PROJECT 3

COMPILING TO AN INTERMEDIATE LANGUAGE

Write a compiler which compiles programs written in the language D# described below

The first statement in a D# program should be: main;

and the last statement should be: end main;

The above first statement should be following by declarations for all the variables that the program employs, and should be of the same form as declarations for variables of type “int” in C, but without initial values specified, e.g.:

int x3, y2;

int dd2;

The “main”, “end main” and “int” statements should not occur anywhere else in the program.

The rest of the program should consist of statements of the following form:

input identifier; (this should produce the prompt: Enter a number)

output expression;

identifier = expression;

The expressions referred to above should consist of an identifier or number or a sum of identifiers and numbers

Here is an example of a program written in the D# language which I will call “test3”:

main;

int xx;

int kk44, n;

input kk44;

kk44 = kk44 + xx +2;

output kk44 + n;

end main;

The name of the output file should be constructed from that for the input source file. Thus, assuming your compiler is called “compiler3”, if the user source program is called e.g. “aaa”, then the DOS command

compiler3 aaa

should produce a Masm program called aaa.asm

while if the user source program is called “bbb”, then the command

compiler3 bbb

should produce a Masm program called bbb.asm.

We have a lot of other work to cover in the semester, so will require only that the above compiler be written in the simplest possible way. Normally one would employ a symbol table as was done in Assignment 3, and have our program pinpoint syntactic errors as in Project 2, but we will omit these requirements for this project (though they will be required in a later more comprehensive project).

Also, for this project only, our code will employ only register ax for arithmetic

Here is a suggested grammar. You can change the grammar if you wish, but not the language to be implemented.

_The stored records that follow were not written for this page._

(* For a $q$-spin system with interaction matrix $\mathbf{B}$ and $\Delta\geq3$, \[\max_{\boldsymbol{\alpha},\boldsymbol{\beta}\in\triangle_q}\Psi_1(\boldsymbol{\alpha},\boldsymbol{\beta})=\max_{\mathbf{r},\mathbf{c}}\Phi(\mathbf{r},\mathbf{c}).\]
   Context: $\mathbf{B}=(B_{ij})$ is a symmetric $q\times q$ nonnegative matrix (irreducible, standing assumption); $\triangle_q$ is the probability simplex in $\mathbb{R}^q$. $\Psi_1(\boldsymbol{\alpha},\boldsymbol{\beta})=\max_{\mathbf{x}}[(\Delta-1)(\sum_i\alpha_i\ln\alpha_i+\sum_j\beta_j\ln\beta_j)+\Delta\sum_{i,j}x_{ij}(\ln B_{ij}-\ln x_{ij})]$ over nonnegative $\mathbf{x}\in\mathbb{R}^{q\times q}$ with $\sum_jx_{ij}=\alpha_i$, $\sum_ix_{ij}=\beta_j$ (conventions $\ln0=-\infty$, $0\ln0=0$); it equals $\lim_n\frac1n\log\mathbf{E}[Z_G^{\boldsymbol{\alpha},\boldsymbol{\beta}}]$ for a random $\Delta$-regular bipartite graph formed as the union of $\Delta$ random perfect matchings on $n+n$ vertices. With $p=\Delta/(\Delta-1)$, for nonnegative nonzero $\mathbf{r},\mathbf{c}\in\mathbb{R}^q$, $\Phi$ is defined by $\exp(\Phi(\mathbf{r},\mathbf{c})/\Delta)=\frac{\mathbf{r}^{\intercal}\mathbf{B}\mathbf{c}}{\|\mathbf{r}\|_p\|\mathbf{c}\|_p}$. *)

theory Defs
  imports "HOL-Analysis.Analysis"
begin

fun matpow :: "('q::finite \<Rightarrow> 'q \<Rightarrow> real) \<Rightarrow> nat \<Rightarrow> 'q \<Rightarrow> 'q \<Rightarrow> real" where
  "matpow B 0 = (\<lambda>i j. if i = j then 1 else 0)"
| "matpow B (Suc k) = (\<lambda>i j. \<Sum>l\<in>UNIV. matpow B k i l * B l j)"

definition irreducible_mat :: "('q::finite \<Rightarrow> 'q \<Rightarrow> real) \<Rightarrow> bool" where
  "irreducible_mat B \<longleftrightarrow> (\<forall>i j. \<exists>k. matpow B k i j > 0)"

definition prob_simplex :: "('q::finite \<Rightarrow> real) set" where
  "prob_simplex = {a. (\<forall>i. a i \<ge> 0) \<and> (\<Sum>i\<in>UNIV. a i) = 1}"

prog ® Main ; declaration_list code_start statement_list End Main ;

declaration_list ® declaration_list declaration | declaration

declaration ® Int identifier_list ;

identifier_list ® identifier_list , Identifier | Identifier

code_start ®

statement_list ® statement_list statement | statement

statement ® assignment_statement | input_statement | output_statement
assignment_statement ® Identifier = expression ;

input_statement ® Input Identifier ;

output_statement ® Output expression ;

expression ® expression + primary | primary

primary ® Identifier | Number

Here are some suggestions on how to generate the code (assuming that the file variable allocated to your output file is called e.g. “ff”):

Define YYSTYPE in both the Lex and Yacc definition file as follows:

typedef struct

{char symbol[20];} yystype;

#define YYSTYPE yystype

In your Lex definition file, when an identifier or number (i.e. integer) is matched, push yytext onto symbol stack, using code such as:

strcpy(yylval.symbol, yytext);

and then return Identifier or Number as the case may be.

In your main program, within the Yacc definition file, before calling yyparse(),

generate onto the output file:

.model small

extrn getdec:near, putdec:near

.586

.stack 100h

.data
and after calling yyparse(), generate onto the output file:

mov ah, 4ch

int 21h

main endp

end main

For the production

identifier_list ® identifier_list , Identifier

generate a declaration for the identifier, with code such as:

fprintf(ff,”%s%s\n”, $3.symbol,” dw ?“);

For the production

code_start ®

generate:

.code

main proc

mov ax, @data

mov ds, ax

Whenever code is generated to put something into register ax, let the associated entry on symbol stack be changed to “ax”. For instance, the code for:

expression ® expression + primary

could be of the following form:

if (strcmp($1.symbol, "ax") != 0){

fprintf(ff, "%s%s\n", " mov ax,", $1.symbol);

strcpy($$.symbol, "ax");

}

fprintf(ff, "%s%s\n", " add ax,", $3.symbol);

Call your compiler Dsharp.exe, and employ the following bat (i.e. script file), and call it b.bat :

Dsharp %1

Masm %1.asm

%1

Then to compile and execute a program in the D# language such as test3 given above, employ:

b test3

If all goes well, the 1st line of this bat file will in this case create test3.asm.

The second line will create test3.exe, and the last line will execute test3.exe.